多维 xarray 到 dataframe 到 excel
Multidimensional xarray to dataframe to excel
我在 python 中有一个三维 xarray 构建为
import numpy as np
import pandas as pd
import xarray as xr
data_np = np.array([
[ [1, 2, 0, 8], [3, 4, 11, 2], [5, 6, 43, 90] ],
[ [7, 8, 2, 66], [9, 10, 31, 21], [11, 12, 56, 45] ]
])
dims = ['patient', 'parameter', 'day']
coords = {'patient':['Joe','Bill'], 'parameter':['a', 'b', 'c'], 'day':[0, 1, 2, 3]}
data = xr.DataArray(data_np, dims = dims, coords = coords )
我想将其导出到具有以下结构的 excel sheet:
期望的输出
使用 Pandas 数据帧,我可以获得 excel sheet 所有变量(dims)沿同一轴分支:
df = data.to_dataframe('value')
df = df.transpose()
with pd.ExcelWriter("main.xlsx") as writer:
df.to_excel(writer)
获得输出:
怎样才能得到想要的结构?
使用unstack
:
data.to_dataframe('value').unstack(level=[1, 2]).droplevel(level=0, axis=1) \
.rename_axis(index=None, columns=['Parameter', 'Patient / Day'])
您可以使用unstack()
方法来随意排列数据:
import numpy as np
import pandas as pd
import xarray as xr
data_np = np.array([
[ [1, 2, 0, 8], [3, 4, 11, 2], [5, 6, 43, 90] ],
[ [7, 8, 2, 66], [9, 10, 31, 21], [11, 12, 56, 45] ]
])
dims = ['patient', 'parameter', 'day']
coords = {'patient':['Joe','Bill'], 'parameter':['a', 'b', 'c'], 'day':[0, 1, 2, 3]}
data = xr.DataArray(data_np, dims = dims, coords = coords )

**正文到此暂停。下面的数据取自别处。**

(* Let the setting of the context hold, fix $x\in\mathcal{X}$, and assume $|g_t(z)|\le G$ for all $z$ and $t\in\{0,1\}$. Define $\epsilon_F(x):=\sum_t p(t\mid x)\,\epsilon_{F,t}(x)$ and $\epsilon_{CF}(x):=\sum_t p(1-t\mid x)\,\epsilon_{CF,t}(x)$. Then $$\epsilon_f(x)\le 2\big(G^2(\epsilon_F(x)+\epsilon_{CF}(x))-\mathbb{V}_Y(x)\big),$$ where $\mathbb{V}_Y(x):=\mathbb{E}_{q(z\mid x)}\sum_t\mathbb{E}_{p_{Y(t)\mid\mathbb{P}_t}(y\mid z)}(y-j_t(z))^2$.
   Context: Binary treatment $T\in\{0,1\}$, covariates $X\in\mathcal{X}$, real-valued potential outcomes $Y(t)$, observed $Y=Y(T)$, observational distribution $p(x,y,t)$, exchangeability $Y(t)\perp T\mid X$. Data generating assumption: $Y=f^*(\mathbb{M}(X),T)+e$ with $e$ zero-mean exogenous noise, and $\mathbb{E}(Y(t)\mid X)=j_t(\mathbb{P}_t(X))$ for functions $\mathbb{P}_t$ and injective $j_t$, where $Y(t)\perp X\mid\mathbb{P}_t(X)$; $p_{Y(t)\mid\mathbb{P}_t}(y\mid P)$ denotes the conditional density of $Y(t)$ given $\mathbb{P}_t(X)=P$. Let $f_t,g_t$ be functions of $z$ and $q_\phi(z\mid x,y,t)$ a conditional density; $q_t(z\mid x):=\mathbb{E}_{p(y\mid x,t)}q_\phi(z\mid x,y,t)$, $q(z\mid x):=\mathbb{E}_{p(y,t\mid x)}q_\phi(z\mid x,y,t)$. Define $\mathcal{L}_f(z,t):=g_t(z)^{-2}\int(y-f_t(z))^2p_{Y(t)\mid\mathbb{P}_t}(y\mid z)\,dy$, $\epsilon_{F,t}(x):=\mathbb{E}_{q_t(z\mid x)}\mathcal{L}_f(z,t)$, $\epsilon_{CF,t}(x):=\mathbb{E}_{q_{1-t}(z\mid x)}\mathcal{L}_f(z,t)$, and $\epsilon_f(x):=\mathbb{E}_{q(z\mid x)}\big((f_1(z)-f_0(z))-(j_1(z)-j_0(z))\big)^2$. *)

theory Defs
  imports "HOL-Analysis.Analysis"
begin

text \<open>Treatments are naturals t in {0,1}. The latent space is a measure
space M on a type 'z; all conditional densities over z are densities w.r.t. M, and all
densities over the real outcome y are densities w.r.t. lborel.
  pTX x t          = p(t | x)
  pYXT x t y       = p(y | x, t)
  qphi z x y t     = q_phi(z | x, y, t)
  pYP t z y        = p_{Y(t) | P_t}(y | z)\<close>

definition qt :: "('x \<Rightarrow> nat \<Rightarrow> real \<Rightarrow> real) \<Rightarrow> ('z \<Rightarrow> 'x \<Rightarrow> real \<Rightarrow> nat \<Rightarrow> real)
    \<Rightarrow> 'x \<Rightarrow> nat \<Rightarrow> 'z \<Rightarrow> real" where
  "qt pYXT qphi x t z = (\<integral>y. pYXT x t y * qphi z x y t \<partial>lborel)"

text \<open>q(z|x) = E_{p(y,t|x)} q_phi(z|x,y,t) with p(y,t|x) = p(t|x) p(y|x,t).\<close>
definition qmix :: "('x \<Rightarrow> nat \<Rightarrow> real) \<Rightarrow> ('x \<Rightarrow> nat \<Rightarrow> real \<Rightarrow> real)
    \<Rightarrow> ('z \<Rightarrow> 'x \<Rightarrow> real \<Rightarrow> nat \<Rightarrow> real) \<Rightarrow> 'x \<Rightarrow> 'z \<Rightarrow> real" where
  "qmix pTX pYXT qphi x z = (\<Sum>t\<in>{0,1}. pTX x t * qt pYXT qphi x t z)"

definition Lf :: "(nat \<Rightarrow> 'z \<Rightarrow> real \<Rightarrow> real) \<Rightarrow> (nat \<Rightarrow> 'z \<Rightarrow> real) \<Rightarrow> (nat \<Rightarrow> 'z \<Rightarrow> real)
    \<Rightarrow> 'z \<Rightarrow> nat \<Rightarrow> real" where
  "Lf pYP f g z t = inverse ((g t z)^2) * (\<integral>y. (y - f t z)^2 * pYP t z y \<partial>lborel)"

definition epsFt where
  "epsFt M pYXT qphi pYP f g x t = (\<integral>z. qt pYXT qphi x t z * Lf pYP f g z t \<partial>M)"

definition epsCFt where
  "epsCFt M pYXT qphi pYP f g x t = (\<integral>z. qt pYXT qphi x (1 - t) z * Lf pYP f g z t \<partial>M)"

definition epsf where
  "epsf M pTX pYXT qphi f j x =
     (\<integral>z. qmix pTX pYXT qphi x z * ((f 1 z - f 0 z) - (j 1 z - j 0 z))^2 \<partial>M)"

definition epsF where
  "epsF M pTX pYXT qphi pYP f g x = (\<Sum>t\<in>{0::nat,1}. pTX x t * epsFt M pYXT qphi pYP f g x t)"

definition epsCF where
  "epsCF M pTX pYXT qphi pYP f g x = (\<Sum>t\<in>{0::nat,1}. pTX x (1 - t) * epsCFt M pYXT qphi pYP f g x t)"

definition VY where
  "VY M pTX pYXT qphi pYP j x =
     (\<integral>z. qmix pTX pYXT qphi x z *
          (\<Sum>t\<in>{0::nat,1}. (\<integral>y. (y - j t z)^2 * pYP t z y \<partial>lborel)) \<partial>M)"

end

theory Submission
  imports Defs
begin

text \<open>For fixed z and t, the bias-variance decomposition of the density of Y(t) given
\<open>P\<^sub>t = z\<close>, whose mean is \<open>j\<^sub>t(z)\<close>, gives
\<open>\<integral>(y - f\<^sub>t(z))\<^sup>2 = V\<^sub>t(z) + (f\<^sub>t(z) - j\<^sub>t(z))\<^sup>2\<close>; as \<open>g\<^sub>t(z)\<^sup>2 \<le> G\<^sup>2\<close>, this yields
\<open>G\<^sup>2 L\<^sub>f(z,t) \<ge> V\<^sub>t(z) + (f\<^sub>t(z) - j\<^sub>t(z))\<^sup>2\<close>. Together with
\<open>(a - b)\<^sup>2 \<le> 2 (a\<^sup>2 + b\<^sup>2)\<close> for the two biases this bounds the integrand of \<open>\<epsilon>\<^sub>f\<close>
pointwise. Integrating against \<open>q(z|x) = \<Sum>\<^sub>t p(t|x) q\<^sub>t(z|x)\<close>, the four terms
\<open>p(t'|x) q\<^sub>t\<^sub>'(z|x) L\<^sub>f(z,t)\<close> regroup into the factual (t' = t) and counterfactual
(t' = 1 - t) losses.\<close>

lemma integral_square_deviation_eq_variance_plus_bias:
  fixes M :: "real measure" and p :: "real \<Rightarrow> real"
  assumes "integrable M p" and "(\<integral>y. p y \<partial>M) = 1"
    and "integrable M (\<lambda>y. y * p y)" and "(\<integral>y. y * p y \<partial>M) = m"
    and "integrable M (\<lambda>y. y^2 * p y)"
  shows "(\<integral>y. (y - c)^2 * p y \<partial>M) = (\<integral>y. (y - m)^2 * p y \<partial>M) + (c - m)^2"
proof -
  have expand: "(\<integral>y. (y - a)^2 * p y \<partial>M) = (\<integral>y. y^2 * p y \<partial>M) - 2 * a * m + a^2" for a
  proof -
    have "(\<lambda>y. (y - a)^2 * p y) = (\<lambda>y. (y^2 * p y - (2 * a) * (y * p y)) + a^2 * p y)"
      by (auto simp: power2_eq_square algebra_simps)
    then show ?thesis
      using assms by (simp add: integral_add integral_diff)
  qed
  show ?thesis
    unfolding expand[of c] expand[of m] by (simp add: power2_eq_square algebra_simps)
qed

lemma square_diff_le_twice_sum_squares:
  fixes a b :: real
  shows "(a - b)^2 \<le> 2 * (a^2 + b^2)"
  using zero_le_power2[of "a + b"] by (simp add: power2_eq_square algebra_simps)

lemma le_square_bound_mult_inverse_square:
  fixes I g G :: real
  assumes "0 \<le> I" and "g \<noteq> 0" and "\<bar>g\<bar> \<le> G"
  shows "I \<le> G^2 * (inverse (g^2) * I)"
proof -
  have "g^2 \<le> G^2"
    using assms(3) by (metis abs_ge_zero power2_abs power_mono)
  have "I = g^2 * (inverse (g^2) * I)"
    using assms(2) by simp
  also have "\<dots> \<le> G^2 * (inverse (g^2) * I)"
    using \<open>g^2 \<le> G^2\<close> assms(1) by (intro mult_right_mono) auto
  finally show ?thesis .
qed

lemma Lf_lower_bound:
  assumes density: "\<forall>y. pYP t z y \<ge> 0" "integrable lborel (pYP t z)"
      "(\<integral>y. pYP t z y \<partial>lborel) = 1" "integrable lborel (\<lambda>y. y^2 * pYP t z y)"
    and mean: "integrable lborel (\<lambda>y. y * pYP t z y)" "(\<integral>y. y * pYP t z y \<partial>lborel) = j t z"
    and g: "g t z \<noteq> 0" "\<bar>g t z\<bar> \<le> G"
  shows "(\<integral>y. (y - j t z)^2 * pYP t z y \<partial>lborel) + (f t z - j t z)^2 \<le> G^2 * Lf pYP f g z t"
proof -
  have "(\<integral>y. (y - f t z)^2 * pYP t z y \<partial>lborel)
      = (\<integral>y. (y - j t z)^2 * pYP t z y \<partial>lborel) + (f t z - j t z)^2"
    using density mean by (intro integral_square_deviation_eq_variance_plus_bias) auto
  moreover have "0 \<le> (\<integral>y. (y - f t z)^2 * pYP t z y \<partial>lborel)"
    using density(1) by (intro integral_nonneg_AE) auto
  ultimately show ?thesis
    unfolding Lf_def using le_square_bound_mult_inverse_square[OF _ g] by metis
qed

lemma effect_error_square_le_Lf_sum:
  assumes "\<And>t. t \<in> {0,1} \<Longrightarrow>
    (\<integral>y. (y - j t z)^2 * pYP t z y \<partial>lborel) + (f t z - j t z)^2 \<le> G^2 * Lf pYP f g z t"
  shows "((f 1 z - f 0 z) - (j 1 z - j 0 z))^2
    \<le> 2 * (G^2 * (Lf pYP f g z 0 + Lf pYP f g z 1)
             - (\<Sum>t\<in>{0::nat,1}. \<integral>y. (y - j t z)^2 * pYP t z y \<partial>lborel))"
proof -
  have "((f 1 z - f 0 z) - (j 1 z - j 0 z))^2 \<le> 2 * ((f 1 z - j 1 z)^2 + (f 0 z - j 0 z)^2)"
    using square_diff_le_twice_sum_squares[of "f 1 z - j 1 z" "f 0 z - j 0 z"]
    by (simp add: algebra_simps)
  then show ?thesis
    using assms[of 0] assms[of 1] by (simp add: algebra_simps)
qed

lemma qt_nonneg:
  assumes "\<forall>y. pYXT x t y \<ge> 0" and "\<forall>y. qphi z x y t \<ge> 0"
  shows "qt pYXT qphi x t z \<ge> 0"
  unfolding qt_def using assms by (intro integral_nonneg_AE) auto

lemma qmix_nonneg:
  assumes "\<forall>t\<in>{0,1}. pTX x t \<ge> 0" and "\<forall>t\<in>{0,1}. qt pYXT qphi x t z \<ge> 0"
  shows "qmix pTX pYXT qphi x z \<ge> 0"
  unfolding qmix_def using assms by (intro sum_nonneg) auto

lemma qmix_mult_Lf_sum_eq:
  "qmix pTX pYXT qphi x z * (Lf pYP f g z 0 + Lf pYP f g z 1)
    = (pTX x 0 * (qt pYXT qphi x 0 z * Lf pYP f g z 0) + pTX x 1 * (qt pYXT qphi x 1 z * Lf pYP f g z 1))
    + (pTX x 1 * (qt pYXT qphi x 1 z * Lf pYP f g z 0) + pTX x 0 * (qt pYXT qphi x 0 z * Lf pYP f g z 1))"
  unfolding qmix_def by (simp add: algebra_simps)

lemma integrable_qmix_Lf:
  assumes "\<forall>t\<in>{0,1}. \<forall>t'\<in>{0,1}. integrable M (\<lambda>z. qt pYXT qphi x t' z * Lf pYP f g z t)"
  shows "integrable M (\<lambda>z. qmix pTX pYXT qphi x z * (Lf pYP f g z 0 + Lf pYP f g z 1))"
  using assms unfolding qmix_mult_Lf_sum_eq by simp

lemma integral_qmix_Lf_eq_epsF_plus_epsCF:
  assumes "\<forall>t\<in>{0,1}. \<forall>t'\<in>{0,1}. integrable M (\<lambda>z. qt pYXT qphi x t' z * Lf pYP f g z t)"
  shows "(\<integral>z. qmix pTX pYXT qphi x z * (Lf pYP f g z 0 + Lf pYP f g z 1) \<partial>M)
    = epsF M pTX pYXT qphi pYP f g x + epsCF M pTX pYXT qphi pYP f g x"
  using assms unfolding qmix_mult_Lf_sum_eq epsF_def epsCF_def epsFt_def epsCFt_def by simp

theorem lemma3:
  fixes M :: "'z measure" and x :: 'x
    and pTX :: "'x \<Rightarrow> nat \<Rightarrow> real"
    and pYXT :: "'x \<Rightarrow> nat \<Rightarrow> real \<Rightarrow> real"
    and qphi :: "'z \<Rightarrow> 'x \<Rightarrow> real \<Rightarrow> nat \<Rightarrow> real"
    and pYP :: "nat \<Rightarrow> 'z \<Rightarrow> real \<Rightarrow> real"
    and f g j :: "nat \<Rightarrow> 'z \<Rightarrow> real" and G :: real
  assumes pT_nonneg: "\<forall>t\<in>{0,1}. pTX x t \<ge> 0"
    and pT_sum: "pTX x 0 + pTX x 1 = 1"
    and pYXT_density: "\<forall>t\<in>{0,1}. (\<forall>y. pYXT x t y \<ge> 0) \<and> integrable lborel (pYXT x t)
                          \<and> (\<integral>y. pYXT x t y \<partial>lborel) = 1"
    and qphi_density: "\<forall>t\<in>{0,1}. \<forall>y. (\<forall>z\<in>space M. qphi z x y t \<ge> 0)
                          \<and> integrable M (\<lambda>z. qphi z x y t) \<and> (\<integral>z. qphi z x y t \<partial>M) = 1"
    and pYP_density: "\<forall>t\<in>{0,1}. \<forall>z\<in>space M. (\<forall>y. pYP t z y \<ge> 0)
                          \<and> integrable lborel (pYP t z) \<and> (\<integral>y. pYP t z y \<partial>lborel) = 1
                          \<and> integrable lborel (\<lambda>y. y^2 * pYP t z y)"
    and pYP_mean: "\<forall>t\<in>{0,1}. \<forall>z\<in>space M. integrable lborel (\<lambda>y. y * pYP t z y)
                          \<and> (\<integral>y. y * pYP t z y \<partial>lborel) = j t z"
    and j_inj: "\<forall>t\<in>{0,1}. inj_on (j t) (space M)"
    and g_bound: "\<forall>t\<in>{0,1}. \<forall>z. \<bar>g t z\<bar> \<le> G"
    and g_nonzero: "\<forall>t\<in>{0,1}. \<forall>z. g t z \<noteq> 0"
    and int_L: "\<forall>t\<in>{0,1}. \<forall>t'\<in>{0,1}.
                  integrable M (\<lambda>z. qt pYXT qphi x t' z * Lf pYP f g z t)"
    and int_V: "integrable M (\<lambda>z. qmix pTX pYXT qphi x z *
                  (\<Sum>t\<in>{0::nat,1}. (\<integral>y. (y - j t z)^2 * pYP t z y \<partial>lborel)))"
    and int_f: "integrable M (\<lambda>z. qmix pTX pYXT qphi x z *
                  ((f 1 z - f 0 z) - (j 1 z - j 0 z))^2)"
  shows "epsf M pTX pYXT qphi f j x
           \<le> 2 * (G^2 * (epsF M pTX pYXT qphi pYP f g x + epsCF M pTX pYXT qphi pYP f g x)
                  - VY M pTX pYXT qphi pYP j x)"
proof -
  let ?Q = "qmix pTX pYXT qphi x"
  let ?L = "\<lambda>z. Lf pYP f g z 0 + Lf pYP f g z 1"
  let ?V = "\<lambda>z. \<Sum>t\<in>{0::nat,1}. \<integral>y. (y - j t z)^2 * pYP t z y \<partial>lborel"
  let ?D = "\<lambda>z. ((f 1 z - f 0 z) - (j 1 z - j 0 z))^2"
  have pointwise: "?D z \<le> 2 * (G^2 * ?L z - ?V z)" if "z \<in> space M" for z
    using that pYP_density pYP_mean g_bound g_nonzero
    by (intro effect_error_square_le_Lf_sum Lf_lower_bound) auto
  have Q_nonneg: "?Q z \<ge> 0" if "z \<in> space M" for z
    using that pT_nonneg pYXT_density qphi_density by (intro qmix_nonneg ballI qt_nonneg) auto
  have int_QL: "integrable M (\<lambda>z. ?Q z * ?L z)"
    using int_L by (rule integrable_qmix_Lf)
  have "epsf M pTX pYXT qphi f j x = (\<integral>z. ?Q z * ?D z \<partial>M)"
    unfolding epsf_def ..
  also have "\<dots> \<le> (\<integral>z. 2 * (G^2 * (?Q z * ?L z) - ?Q z * ?V z) \<partial>M)"
  proof (intro integral_mono)
    fix z assume "z \<in> space M"
    then show "?Q z * ?D z \<le> 2 * (G^2 * (?Q z * ?L z) - ?Q z * ?V z)"
      using mult_left_mono[OF pointwise Q_nonneg] by (simp add: algebra_simps)
  qed (use int_f int_QL int_V in auto)
  also have "\<dots> = 2 * (G^2 * (\<integral>z. ?Q z * ?L z \<partial>M) - (\<integral>z. ?Q z * ?V z \<partial>M))"
    using int_QL int_V by simp
  also have "\<dots> = 2 * (G^2 * (epsF M pTX pYXT qphi pYP f g x + epsCF M pTX pYXT qphi pYP f g x)
                  - VY M pTX pYXT qphi pYP j x)"
    unfolding integral_qmix_Lf_eq_epsF_plus_epsCF[OF int_L] VY_def ..
  finally show ?thesis .
qed

end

df = data.to_series().unstack(level=[1,2])
with pd.ExcelWriter("main.xlsx") as writer:
df.to_excel(writer)
或者您可以避免使用 xarray
并使用 pd.MultiIndex
直接从 NumPy 数组创建 DataFrame:
import numpy as np
import pandas as pd
data_np = np.array([
[ [1, 2, 0, 8], [3, 4, 11, 2], [5, 6, 43, 90] ],
[ [7, 8, 2, 66], [9, 10, 31, 21], [11, 12, 56, 45] ]
])
dims = ['patient', 'parameter', 'day']
coords = {'patient':['Joe','Bill'], 'parameter':['a', 'b', 'c'], 'day':[0, 1, 2, 3]}
mi = pd.MultiIndex.from_product([coords[dims[i]] for i in range(3)], names=dims)
df = pd.Series(data_np.flatten(), index=mi).unstack(level=[1,2])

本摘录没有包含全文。